Okkervillian Jonathan Meiburg’s other outfit, Shearwater are just a couple weeks away from releasing their new album Palo Santo – it’s out May 9 – but you can now order it from Misra for frankly less than you’d get it in stores for. Get it early and for cheap – how can you say no? To entice you further, they’ve made a second MP3 from the album available, and you can hear yet another from NPR, who made it their “Song Of The Day” a couple weeks ago.

MP3: Shearwater – “White Waves”

Will Johnson of Centro-Matic, another Misra band, has somehow found time to give a couple interviews in the midst of their non-stop touring for Fort Recovery. Actually, it looks like the touring has stopped, at least for now. At any rate, here’s some conversations with Captain’s Dead, Chart and Austin 360.

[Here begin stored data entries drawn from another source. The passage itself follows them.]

lemma finite_ex_last_argmin:
  fixes g :: "nat \<Rightarrow> 'b::linorder"
  assumes "finite S" "S \<noteq> {}"
  obtains j where "j \<in> S" "\<And>i. i \<in> S \<Longrightarrow> g j \<le> g i" "\<And>i. i \<in> S \<Longrightarrow> j < i \<Longrightarrow> g j < g i"
proof -
  define T where "T = {i \<in> S. g i = Min (g ` S)}"
  have "Min (g ` S) \<in> g ` S"
    using assms by (intro Min_in) auto
  then obtain i where "i \<in> S" "g i = Min (g ` S)"
    by (metis imageE)
  then have T: "finite T" "T \<noteq> {}"
    using assms by (auto simp: T_def)
  have Max_T: "Max T \<in> S" "g (Max T) = Min (g ` S)"
    using Max_in[OF T] by (simp_all add: T_def)
  show thesis
  proof
    show "Max T \<in> S" "\<And>i. i \<in> S \<Longrightarrow> g (Max T) \<le> g i"
      using Max_T assms by simp_all
    show "g (Max T) < g i" if "i \<in> S" "Max T < i" for i
    proof -
      have "i \<notin> T"
        using Max_ge[OF T(1), of i] that(2) by linarith
      then have "g i \<noteq> Min (g ` S)"
        using that(1) by (simp add: T_def)
      moreover have "Min (g ` S) \<le> g i"
        using that(1) assms(1) by simp
      ultimately show ?thesis
        using Max_T(2) by simp
    qed
  qed
qed

lemma mono_bounded_nat_eventually_const:
  fixes d :: "nat \<Rightarrow> nat"
  assumes "mono d" and "\<And>n. d n \<le> r"
  obtains N where "\<And>k. N \<le> k \<Longrightarrow> d k = d N"
proof -
  have fin: "finite (range d)"
    using assms(2) by (auto intro: finite_subset[of _ "{..r}"])
  then have "Max (range d) \<in> range d"
    by (intro Max_in) auto
  then obtain N where N: "d N = Max (range d)"
    by auto
  have "d k = d N" if "N \<le> k" for k
    using monoD[OF assms(1) that] Max_ge[OF fin, of "d k"] N by simp
  then show thesis by (rule that)
qed

locale valued_space = vector_space +
  fixes \<nu> :: "'a \<Rightarrow> int" and val :: "'b \<Rightarrow> int"
  assumes valuation: "is_valuation \<nu>"
    and value_function: "is_value_function scale \<nu> val"
begin

lemma val_scale: "a \<noteq> 0 \<Longrightarrow> v \<noteq> 0 \<Longrightarrow> val (a *s v) = \<nu> a + val v"
  using value_function by (simp add: is_value_function_def)

lemma ultrametric_val: "ultrametric val"
proof -
  have "val (- v) = val v" for v
  proof (cases "v = 0")
    case False
    then have "val ((- 1) *s v) = \<nu> (- 1) + val v"
      by (intro val_scale) simp_all
    then show ?thesis
      using valuation_minus_one[OF valuation] by simp
  qed simp
  moreover have "\<forall>v w. v \<noteq> 0 \<longrightarrow> w \<noteq> 0 \<longrightarrow> v + w \<noteq> 0 \<longrightarrow> min (val v) (val w) \<le> val (v + w)"
    using value_function by (simp add: is_value_function_def)
  ultimately show ?thesis
    by (simp add: ultrametric_def)
qed

lemma ext_ge_scale: "ext_ge \<nu> M a \<Longrightarrow> ext_ge val M' v \<Longrightarrow> ext_ge val (M + M') (a *s v)"
  unfolding ext_ge_def by (cases "a = 0"; cases "v = 0") (auto simp: val_scale)

lemma comb_cong: "(\<And>i. i \<le> j \<Longrightarrow> B' i = B i) \<Longrightarrow> comb scale B' j \<alpha> = comb scale B j \<alpha>"
  by (simp add: comb_def)

lemma loop_guard_cong:
  assumes "\<And>i. i \<le> j \<Longrightarrow> B' i = B i"
  shows "loop_guard scale val B' j = loop_guard scale val B j"
proof -
  have "comb scale B' j \<alpha> = comb scale B j \<alpha>" for \<alpha>
    using assms by (rule comb_cong)
  then show ?thesis
    by (simp add: loop_guard_def)
qed

lemma sum_split_at_comb:
  assumes "j \<in> {1..<d}" "\<beta> j = 1"
  shows "(\<Sum>i\<in>{1..<d}. \<beta> i *s B i) = comb scale B j \<beta> + (\<Sum>i\<in>{j<..<d}. \<beta> i *s B i)"
proof -
  have "{1..<d} = {1..<j} \<union> insert j {j<..<d}" "{1..<j} \<inter> insert j {j<..<d} = {}"
    using assms(1) by auto
  then show ?thesis
    using assms(2) by (simp add: sum.union_disjoint comb_def algebra_simps)
qed

definition reduced_prefix :: "(nat \<Rightarrow> 'b) \<Rightarrow> nat \<Rightarrow> bool" where
  "reduced_prefix B d \<longleftrightarrow> (\<forall>j\<in>{1..<d}. ext_ge val 0 (B j) \<and> \<not> loop_guard scale val B j)"

text \<open>After dividing by the coefficient of minimal value
  with the largest index j, the terms beyond j have positive value, so positivity of the whole
  sum would make the combination ending in B_j positive, which the failed guard at j excludes.\<close>

lemma reduced_prefix_coeff_ge:
  assumes red: "reduced_prefix B d"
    and sum_ge: "ext_ge val M (\<Sum>i\<in>{1..<d}. a i *s B i)"
    and i1: "i1 \<in> {1..<d}"
  shows "ext_ge \<nu> M (a i1)"
proof (rule ccontr)
  assume "\<not> ext_ge \<nu> M (a i1)"
  then have a_i1: "a i1 \<noteq> 0" "\<nu> (a i1) < M"
    by (auto simp: ext_ge_def)
  define S where "S = {i \<in> {1..<d}. a i \<noteq> 0}"
  have "finite S" "S \<noteq> {}"
    using i1 a_i1 by (auto simp: S_def)
  then obtain j where j: "j \<in> S" "\<And>i. i \<in> S \<Longrightarrow> \<nu> (a j) \<le> \<nu> (a i)"
    and j_last: "\<And>i. i \<in> S \<Longrightarrow> j < i \<Longrightarrow> \<nu> (a j) < \<nu> (a i)"
    using finite_ex_last_argmin[of S "\<lambda>i. \<nu> (a i)"] by blast
  have aj: "a j \<noteq> 0" "j \<in> {1..<d}"
    using j(1) by (auto simp: S_def)
  define \<beta> where "\<beta> i = inverse (a j) * a i" for i
  define t where "t = (\<Sum>i\<in>{j<..<d}. \<beta> i *s B i)"
  have t_ge: "ext_ge val 1 t"
    unfolding t_def
  proof (rule ext_ge_sum[OF ultrametric_val])
    fix i assume i: "i \<in> {j<..<d}"
    show "ext_ge val 1 (\<beta> i *s B i)"
    proof (cases "a i = 0")
      case False
      with i aj have "\<nu> (a j) < \<nu> (a i)"
        using j_last by (simp add: S_def)
      with False aj have "ext_ge \<nu> 1 (\<beta> i)"
        by (simp add: ext_ge_def \<beta>_def valuation_mult[OF valuation] valuation_inverse[OF valuation])
      moreover have "ext_ge val 0 (B i)"
        using red i aj by (simp add: reduced_prefix_def)
      ultimately show ?thesis
        using ext_ge_scale by fastforce
    qed (simp add: \<beta>_def)
  qed
  have "ext_ge \<nu> (- \<nu> (a j)) (inverse (a j))"
    using aj by (simp add: ext_ge_def valuation_inverse[OF valuation])
  from ext_ge_scale[OF this sum_ge]
  have "ext_ge val (M - \<nu> (a j)) (\<Sum>i\<in>{1..<d}. \<beta> i *s B i)"
    by (simp add: \<beta>_def scale_sum_right)
  moreover have "1 \<le> M - \<nu> (a j)"
    using j(2)[of i1] i1 a_i1 by (simp add: S_def)
  moreover have "(\<Sum>i\<in>{1..<d}. \<beta> i *s B i) = comb scale B j \<beta> + t"
    using sum_split_at_comb[OF aj(2), of \<beta> B] aj(1) by (simp add: \<beta>_def t_def)
  ultimately have "ext_ge val 1 (comb scale B j \<beta> + t)"
    using ext_ge_mono by metis
  then have "ext_pos val (comb scale B j \<beta>)"
    using ext_ge_diff[OF ultrametric_val _ t_ge] by (fastforce simp: ext_pos_iff_ext_ge)
  then show False
    using red aj(2) by (auto simp: reduced_prefix_def loop_guard_def)
qed

end

locale basis_reduction = valued_space +
  fixes r :: nat and B0 :: "nat \<Rightarrow> 'b" and x :: 'a
  assumes inj_B0: "inj_on B0 {1..r}"
    and independent_B0: "independent (B0 ` {1..r})"
    and span_B0: "span (B0 ` {1..r}) = UNIV"
    and x_nonzero: "x \<noteq> 0" and valuation_x: "\<nu> x = 1"
    and full_dim: "completion_full_dim scale \<nu> val r B0"
begin

definition coord :: "nat \<Rightarrow> 'b \<Rightarrow> 'a" where
  "coord j v = representation (B0 ` {1..r}) v (B0 j)"

lemma coord_add: "coord j (u + v) = coord j u + coord j v"
  using representation_add[OF independent_B0] span_B0 by (simp add: coord_def)

lemma coord_scale: "coord j (a *s v) = a * coord j v"
  using representation_scale[OF independent_B0] span_B0 by (simp add: coord_def)

lemma coord_diff: "coord j (u - v) = coord j u - coord j v"
  using representation_diff[OF independent_B0] span_B0 by (simp add: coord_def)

lemma coord_sum: "coord j (sum g S) = (\<Sum>i\<in>S. coord j (g i))"
  using representation_sum[OF independent_B0, of S g] span_B0 by (simp add: coord_def)

lemma coord_comb: "coord j (comb scale B d \<alpha>) = (\<Sum>i\<in>{1..<d}. \<alpha> i * coord j (B i)) + coord j (B d)"
  by (simp add: comb_def coord_add coord_sum coord_scale)

lemma coord_B0: "i \<in> {1..r} \<Longrightarrow> j \<in> {1..r} \<Longrightarrow> coord j (B0 i) = (if j = i then 1 else 0)"
  using representation_basis[OF independent_B0, of "B0 i"] inj_B0
  by (auto simp: coord_def inj_on_eq_iff)

lemma sum_coord_scale_B0: "(\<Sum>j\<in>{1..r}. coord j v *s B0 j) = v"
proof -
  have "(\<Sum>b\<in>B0 ` {1..r}. representation (B0 ` {1..r}) v b *s b) = v"
    using independent_B0 span_B0 by (intro sum_representation_eq) auto
  then show ?thesis
    using sum.reindex[OF inj_B0, of "\<lambda>b. representation (B0 ` {1..r}) v b *s b"]
    by (simp add: coord_def)
qed

lemma ext_ge_normalize: "ext_ge val 0 (x powi (- val v) *s v)"
  using val_scale[of "x powi (- val v)" v] x_nonzero
  by (cases "v = 0") (simp_all add: ext_ge_def valuation_power_int[OF valuation] valuation_x)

I guess that’s just four degrees, because I’ve got no segue into this Pitchfork news item that Sparklehorse are set to release their first album in five years – FIVE YEARS. While I can’t wait for this to eventually actually happen, I ain’t holding my breath. It took them forever and a day to get their freaking website up, and it SUCKS. But said website says the album is done and is looking at a September release… which raises the question of if the record is done, why wait five more months? Virginians move in mysterious ways.

Harmonium talks to Mountain Goat John Darnielle about 45s, major labels and file-sharing, among other sundry topics.

Thanks to For The Records for pointing out the Nidus festival taking place in Kitchener – it’s a three-day Christian arts and social justice festival which is remarkable if for no other reason than it’s actually gotten the notoriously Canada-shy Starflyer 59 to dig out their passports and come for a visit. I guess that’s what it takes. God. The fest takes place August 4 to 6 at Bingeman’s in Kitchener… I went to Oktoberfest there once. Saw someone vomit fluorescent orange. Not so divine. Danielson will also be performing at the fest on the 4th, but the unsaved can catch them in Toronto on the 3rd.

I doubled the RAM in my computer last night! Zoom! Okay, maybe not zoom, but definitely a higher rated of “putt putt putt”.